What has worsened the situation is that scholarships for the students have been cut drastically. The ratio in payments for scholarships between the central government and the states is 75:25. In a scandalous example of a truth deficit, the minister of state for tribal affairs, Renuka Singh Saruta informed the Lok Sabha in March this year that during the pandemic 2020, 35.5 lakh adivasi students were given their scholarships amounting to Rs 1986 crore by the central government. Since this is in such complete variance with ground level reports from activists, it became necessary to check with the ministry’s website.

It seems that there were substantial arrears in payment of scholarships to adivasi children. The amount mentioned by the minister is not for scholarships owed to students for 2020-2021, but includes scholarships for the previous year 2019-2020. Of the total amount disbursed in 2020-21 for pre-matric and post-matric scholarships, only 35 per cent was for scholarships due for 2020-21 while 65 per cent was for payment of arrears. And in the case of Telangana it also included money released for the financial year 2018-2019.  Also, the total disbursement for scholarships in 2020-21 was less than the disbursement in the previous year. In case of pre-matric scholarships, the disbursement in 2020-21 was 43 per cent less than the disbursement in the previous year.  A comparison of total payment of prematric and postmatric scholarships for 2019-20 with total payment of scholarships for 2020-21 suggests that at least 65 per cent of the total amount due for scholarship for the pandemic year remains unpaid. Far from helping students as claimed by the minister, students are being deprived of their scholarships through such delayed payments.

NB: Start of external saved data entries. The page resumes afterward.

lemma hits_mu_s_plus_empty:
  fixes \<delta> c lam :: real and u p q :: "real \<Rightarrow> real"
  assumes "\<delta> > 0" and "4 * \<delta> \<le> c\<^sup>2" and "lam \<ge> 0"
    and "\<And>z. u z \<ge> 0" and "ell_frame \<delta> c u lam p q"
  shows "hits p q (mu_s_plus \<delta> c lam) = {}"
proof -
  have "q z / p z \<noteq> mu_s_plus \<delta> c lam" for z
    using ell_frame_above_mu_u_plus[OF assms(1) discr_nonneg[OF assms(1-3)] assms(4,5), of z]
      mu_s_plus_le_mu_u_plus[OF assms(1-3)] by simp
  thus ?thesis by (auto simp: hits_def)
qed

lemma not_is_eigenvalue_pos:
  fixes \<delta> c lam :: real and u :: "real \<Rightarrow> real"
  assumes \<delta>: "\<delta> > 0" and speed: "4 * \<delta> \<le> c\<^sup>2" and "lam > 0" and u_nonneg: "\<And>z. u z \<ge> 0"
  shows "\<not> is_eigenvalue \<delta> c u lam"
proof
  assume "is_eigenvalue \<delta> c u lam"
  then obtain p q where frame: "ell_frame \<delta> c u lam p q"
    and lim: "((\<lambda>z. q z / p z) \<longlongrightarrow> mu_s_plus \<delta> c lam) at_top"
    unfolding is_eigenvalue_def proj_tendsto_def by auto
  have "mu_u_plus \<delta> c lam \<le> mu_s_plus \<delta> c lam"
  proof (rule tendsto_lowerbound[OF lim always_eventually])
    show "\<forall>z. mu_u_plus \<delta> c lam \<le> q z / p z"
      using ell_frame_above_mu_u_plus[OF \<delta> discr_nonneg u_nonneg frame] \<open>lam > 0\<close> \<delta> speed
      by (auto intro: less_imp_le)
  qed simp
  with mu_s_plus_less_mu_u_plus[OF \<delta> speed \<open>lam > 0\<close>] show False by simp
qed

theorem mainTheorem5:
  fixes \<delta> c :: real and u u' :: "real \<Rightarrow> real"
    and lam\<^sub>1 lam\<^sub>2 :: real and p\<^sub>1 q\<^sub>1 p\<^sub>2 q\<^sub>2 :: "real \<Rightarrow> real" and N\<^sub>1 N\<^sub>2 :: nat
  assumes "\<delta> > 0" and "c > 0" and "c \<ge> 2 * sqrt \<delta>"
    and "\<forall>z. (u has_real_derivative u' z) (at z)"
    and "\<forall>z. (u' has_real_derivative (- (c * u' z + u z * (1 - u z)) / \<delta>)) (at z)"
    and "(u \<longlongrightarrow> 1) at_bot" and "(u \<longlongrightarrow> 0) at_top"
    and "0 \<le> lam\<^sub>1" and "lam\<^sub>1 < lam\<^sub>2"
    and "\<not> is_eigenvalue \<delta> c u lam\<^sub>1" and "\<not> is_eigenvalue \<delta> c u lam\<^sub>2"
    and "ell_frame \<delta> c u lam\<^sub>1 p\<^sub>1 q\<^sub>1" and "ell_frame \<delta> c u lam\<^sub>2 p\<^sub>2 q\<^sub>2"
    and "finite (hits p\<^sub>1 q\<^sub>1 (mu_s_plus \<delta> c lam\<^sub>1))" and "card (hits p\<^sub>1 q\<^sub>1 (mu_s_plus \<delta> c lam\<^sub>1)) = N\<^sub>1"
    and "finite (hits p\<^sub>2 q\<^sub>2 (mu_s_plus \<delta> c lam\<^sub>2))" and "card (hits p\<^sub>2 q\<^sub>2 (mu_s_plus \<delta> c lam\<^sub>2)) = N\<^sub>2"
  shows "finite {lam. lam\<^sub>1 < lam \<and> lam < lam\<^sub>2 \<and> is_eigenvalue \<delta> c u lam}
       \<and> card {lam. lam\<^sub>1 < lam \<and> lam < lam\<^sub>2 \<and> is_eigenvalue \<delta> c u lam} = nat \<bar>int N\<^sub>1 - int N\<^sub>2\<bar>"
proof -
  have speed: "4 * \<delta> \<le> c\<^sup>2" using discr_nonneg_of_wave_speed assms(1,3) .
  have "u z > 0" for z
    by (rule front_pos[OF assms(1,2) speed]) (use assms(4-6) in auto)
  hence u_nonneg: "u z \<ge> 0" for z by (simp add: less_imp_le)
  have "N\<^sub>1 = 0" "N\<^sub>2 = 0"
    using hits_mu_s_plus_empty[OF assms(1) speed _ u_nonneg] assms(8,9,12,13,15,17) by auto
  moreover have "{lam. lam\<^sub>1 < lam \<and> lam < lam\<^sub>2 \<and> is_eigenvalue \<delta> c u lam} = {}"
    using not_is_eigenvalue_pos[OF assms(1) speed _ u_nonneg] assms(8) by force
  ultimately show ?thesis by (simp only:) simp
qed

end
lemma bij_betw_supp_weight_d2:
  "bij_betw supp {x \<in> V. hwt x = d - 2}
     {T. T \<subseteq> UNIV - {j1, j2} \<and> card T = d - 2 \<and> prod ratio T = - g2 / g1}"
proof (rule bij_betw_imageI)
  show "inj_on supp {x \<in> V. hwt x = d - 2}"
    using weight_d2_eq_if_supp_eq by (auto intro: inj_onI)
  show "supp ` {x \<in> V. hwt x = d - 2}
      = {T. T \<subseteq> UNIV - {j1, j2} \<and> card T = d - 2 \<and> prod ratio T = - g2 / g1}"
  proof (intro equalityI subsetI)
    fix T
    assume "T \<in> supp ` {x \<in> V. hwt x = d - 2}"
    then show "T \<in> {T. T \<subseteq> UNIV - {j1, j2} \<and> card T = d - 2 \<and> prod ratio T = - g2 / g1}"
      using weight_d2_supp_disjoint weight_d2_ratio by (auto simp: hwt_eq_card_supp)
  next
    fix T
    assume "T \<in> {T. T \<subseteq> UNIV - {j1, j2} \<and> card T = d - 2 \<and> prod ratio T = - g2 / g1}"
    then obtain x where "x \<in> V" "supp x = T" "card T = d - 2"
      using weight_d2_exists by blast
    then show "T \<in> supp ` {x \<in> V. hwt x = d - 2}"
      by (intro image_eqI[of _ _ x]) (simp_all add: hwt_eq_card_supp)
  qed
qed

lemma B_count_weight_d2: "B_count (d - 2) V = P_times (d - 2) (- g2 / g1)"
proof -
  have "B_count (d - 2) V = card {T. T \<subseteq> UNIV - {j1, j2} \<and> card T = d - 2 \<and> prod ratio T = - g2 / g1}"
    unfolding B_count_def by (rule bij_betw_same_card[OF bij_betw_supp_weight_d2])
  also have "\<dots> = P_times (d - 2) (- g2 / g1)"
    unfolding P_times_def ratio_def
    by (rule card_subsets_prod_bij_betw[OF bij_betw_point_ratio[OF j1_neq_j2]])
  finally show ?thesis .
qed
lemma continuous_at_right_Fcdf: "continuous (at_right a) (Fcdf \<alpha>)"
proof -
  obtain g b where "a < b" and g: "\<And>x. x \<in> {a..<b} \<Longrightarrow> Fcdf \<alpha> x = g x"
    and "continuous (at_right a) g"
  proof -
    consider "a < \<alpha>" | "\<alpha> \<le> a" "a < 1" | "1 \<le> a" by linarith
    then show ?thesis
    proof cases
      case 1
      then show ?thesis by (intro that[of \<alpha> "\<lambda>_. 0"]) (auto simp: Fcdf_def)
    next
      case 2
      then show ?thesis using alpha_pos
        by (intro that[of 1 "\<lambda>x. 1 - \<alpha> / x"]) (auto simp: Fcdf_def intro!: continuous_intros)
    next
      case 3
      then show ?thesis using alpha_less_1
        by (intro that[of "a + 1" "\<lambda>_. 1"]) (auto simp: Fcdf_def)
    qed
  qed
  moreover have "eventually (\<lambda>x. Fcdf \<alpha> x = g x) (at_right a)"
    using eventually_at_right_real[OF \<open>a < b\<close>] by eventually_elim (auto intro: g)
  ultimately show ?thesis
    using g[of a] by (simp add: continuous_within tendsto_cong)
qed

lemma Fcdf_at_bot: "(Fcdf \<alpha> \<longlongrightarrow> 0) at_bot"
  by (rule tendsto_eventually) (auto simp: Fcdf_def eventually_at_bot_linorder intro!: exI[of _ "\<alpha> - 1"])

lemma Fcdf_at_top: "(Fcdf \<alpha> \<longlongrightarrow> 1) at_top"
  using alpha_less_1
  by (intro tendsto_eventually) (auto simp: Fcdf_def eventually_at_top_linorder intro!: exI[of _ 1])

sublocale F: real_distribution "Fmeas \<alpha>"
  unfolding Fmeas_def
  by (rule real_distribution_interval_measure[OF Fcdf_mono continuous_at_right_Fcdf Fcdf_at_bot Fcdf_at_top])

lemma measure_Fmeas_Ioc: "a \<le> b \<Longrightarrow> measure (Fmeas \<alpha>) {a<..b} = Fcdf \<alpha> b - Fcdf \<alpha> a"
  unfolding Fmeas_def by (rule measure_interval_measure_Ioc[OF _ Fcdf_mono continuous_at_right_Fcdf])

lemma cdf_Fmeas: "cdf (Fmeas \<alpha>) = Fcdf \<alpha>"
  unfolding Fmeas_def by (rule cdf_interval_measure[OF Fcdf_mono continuous_at_right_Fcdf Fcdf_at_bot])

It is also not clear what the government is giving students who used to live in hostels, now closed and were getting a higher scholarship amount than day scholars? Have their scholarships continued, been reduced or completely eliminated? Activists reported that after the hostels closed, students have not received any money. For the current financial year, in the first quarter, not a single rupee has been given for any kind of scholarship. The dashboard shows 0 allocations in 2020-2021. This means that during the second pandemic phase, adivasi students have received no scholarship money. This is a government that can so blatantly lie and make false claims even while depriving the most vulnerable, young adivasi citizens of what is their right.

Yet another right has been denied to them. Under the Food Security Act, mid day meal schemes are a legal right. With schools shut down during the pandemic, large numbers of children have suffered the loss of at least one guaranteed nourishing meal. Some states, notably Kerala, have ensured doorstep delivery of dry rations in lieu of mid day meals including to adivasi hamlets. This has been a great help. But the centre has no such programme. The NFHS (4) had shown that among all social categories the highest numbers of malnourished children are among the adivasis. Lack of government intervention during the pandemic will worsen this situation.

There are solutions. Even with its limited resources, Kerala has shown the way. It has ensured that each child has access to education. There are several methods being used: village level  classes through dedicated TV channels; TV sets are provided and ensured to centres within the village supervised at the panchayat level; village level surveys are conducted to ensure that all children are attending classes; the government has encouraged a social campaign for donations to provide smart phones; government is ensuring internet connections. Where there is political will to back and implement a vision of education as a universal right, hurdles can be overcome.

In the 2019 Lok Sabha elections, the BJP won 31 of the 47 seats reserved for the Scheduled Tribes. Today, they are conspicuous by their silence when adivasi students need their elected representatives to speak out for them against the bulldozing of their rights by a callous government.